Context
FinEdge is building a sales-assist copilot for account executives. One feature drafts short customer-facing explanations of technical concepts, including the difference between generative AI and traditional machine learning, tailored to non-technical buyers.
Constraints
- p95 latency: 1,200ms per response
- Cost ceiling: $6K/month at 100K requests/month
- Hallucination ceiling: <2% on a 200-prompt golden set
- Tone must be business-friendly, accurate, and avoid overclaiming capabilities
- Must refuse or hedge when asked for unsupported ROI, legal, or compliance claims
- Output must be structured so downstream UI can render:
audience, answer, bullets, risks, cta
Available Resources
- 1,500 historical sales-engineering responses labeled as strong / weak
- Product-approved messaging guide with definitions, approved claims, and banned phrases
- A small taxonomy of customer personas: CIO, Head of Data, Operations Lead, SMB Owner
- Access to a GPT-4-class or Claude-class model via API
- 200 evaluation prompts covering simple asks, adversarial asks, and requests containing false assumptions
Task
- Design a prompt-based solution that explains the difference between generative AI and traditional machine learning to a customer, while adapting tone and depth by persona.
- Define an evaluation plan before architecture: how you will measure factual accuracy, clarity, refusal quality, hallucination rate, and consistency with approved messaging.

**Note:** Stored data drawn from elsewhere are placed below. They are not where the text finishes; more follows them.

lemma parabolic_max_principle_line_approx:
  fixes W Wx Wxx Wt :: "real \<Rightarrow> real \<Rightarrow> real"
  assumes dx: "\<And>x s. ((\<lambda>y. W y s) has_real_derivative Wx x s) (at x)"
    and dxx: "\<And>x s. ((\<lambda>y. Wx y s) has_real_derivative Wxx x s) (at x)"
    and dt: "\<And>x s. ((\<lambda>s. W x s) has_real_derivative Wt x s) (at s)"
    and cont: "continuous_on UNIV (\<lambda>p. W (fst p) (snd p))"
    and bounded: "\<And>x s. ta \<le> s \<Longrightarrow> s \<le> tb \<Longrightarrow> W x s \<le> B"
    and sub: "\<And>x s. ta < s \<Longrightarrow> s \<le> tb \<Longrightarrow> 0 < W x s \<Longrightarrow> Wt x s - Wxx x s < 0"
    and initial: "\<And>x. W x ta \<le> 0"
    and t: "ta \<le> t" "t \<le> tb" and "0 < \<epsilon>"
  shows "W x t \<le> \<epsilon> * (x * x + 2 * (t - ta) + 1)"
proof -
  \<comment> \<open>y * y + 2 s solves the heat equation: subtracting a small multiple of it confines a positive
    maximum to a bounded rectangle.\<close>
  define R where "R = sqrt (\<bar>B\<bar> / \<epsilon>) + \<bar>x\<bar>"
  have "sqrt (\<bar>B\<bar> / \<epsilon>) * sqrt (\<bar>B\<bar> / \<epsilon>) \<le> R * R"
    using \<open>0 < \<epsilon>\<close> by (intro mult_mono) (auto simp: R_def)
  then have R: "\<bar>B\<bar> \<le> \<epsilon> * (R * R)"
    using \<open>0 < \<epsilon>\<close> by (simp add: field_simps)
  have "0 \<le> sqrt (\<bar>B\<bar> / \<epsilon>)"
    using \<open>0 < \<epsilon>\<close> by simp
  then have x_R: "- R \<le> x" "x \<le> R"
    unfolding R_def using abs_ge_self[of x] abs_ge_minus_self[of x] by linarith+
  define P where "P y s = W y s - \<epsilon> * (y * y + 2 * (s - ta) + 1)" for y s
  have "P x t \<le> 0"
  proof (rule parabolic_max_principle[where P = P and a = "- R" and b = R
        and Px = "\<lambda>y s. Wx y s - \<epsilon> * (2 * y)" and Pxx = "\<lambda>y s. Wxx y s - \<epsilon> * 2"
        and Pt = "\<lambda>y s. Wt y s - \<epsilon> * 2"])
    show "continuous_on ({- R..R} \<times> {ta..tb}) (\<lambda>p. P (fst p) (snd p))"
      unfolding P_def by (intro continuous_intros continuous_on_subset[OF cont]) auto
  next
    fix y s
    show "((\<lambda>y. P y s) has_real_derivative Wx y s - \<epsilon> * (2 * y)) (at y)"
      unfolding P_def by (auto intro!: derivative_eq_intros dx)
    show "((\<lambda>y. Wx y s - \<epsilon> * (2 * y)) has_real_derivative Wxx y s - \<epsilon> * 2) (at y)"
      by (auto intro!: derivative_eq_intros dxx)
    show "((\<lambda>s. P y s) has_real_derivative Wt y s - \<epsilon> * 2) (at s)"
      unfolding P_def by (auto intro!: derivative_eq_intros dt)
    assume ys: "- R < y" "y < R" "ta < s" "s \<le> tb" and "0 < P y s"
    moreover have "0 \<le> \<epsilon> * (y * y + 2 * (s - ta) + 1)"
      using ys \<open>0 < \<epsilon>\<close> by simp
    ultimately show "Wt y s - \<epsilon> * 2 - (Wxx y s - \<epsilon> * 2) < 0"
      using sub[of s y] by (simp add: P_def)
  next
    fix s assume s: "ta \<le> s" "s \<le> tb"
    have "\<epsilon> * (R * R) \<le> \<epsilon> * (R * R + 2 * (s - ta) + 1)"
      using s \<open>0 < \<epsilon>\<close> by simp
    then show "P (- R) s \<le> 0" "P R s \<le> 0"
      using bounded[OF s, of R] bounded[OF s, of "- R"] R by (simp_all add: P_def)
  next
    fix y
    have "0 \<le> \<epsilon> * (y * y + 1)"
      using \<open>0 < \<epsilon>\<close> by (intro mult_nonneg_nonneg) auto
    then show "P y ta \<le> 0"
      using initial[of y] by (simp add: P_def)
  qed (use t x_R in auto)
  then show ?thesis
    by (simp add: P_def)
qed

- Propose the runtime architecture, including prompt construction, structured output validation, fallback behavior, and monitoring.
- Estimate cost and latency at target volume, and describe optimizations if the first design misses either budget.
- Identify likely failure modes such as hallucinated business claims, prompt injection through user input, and invalid structured output, with mitigations.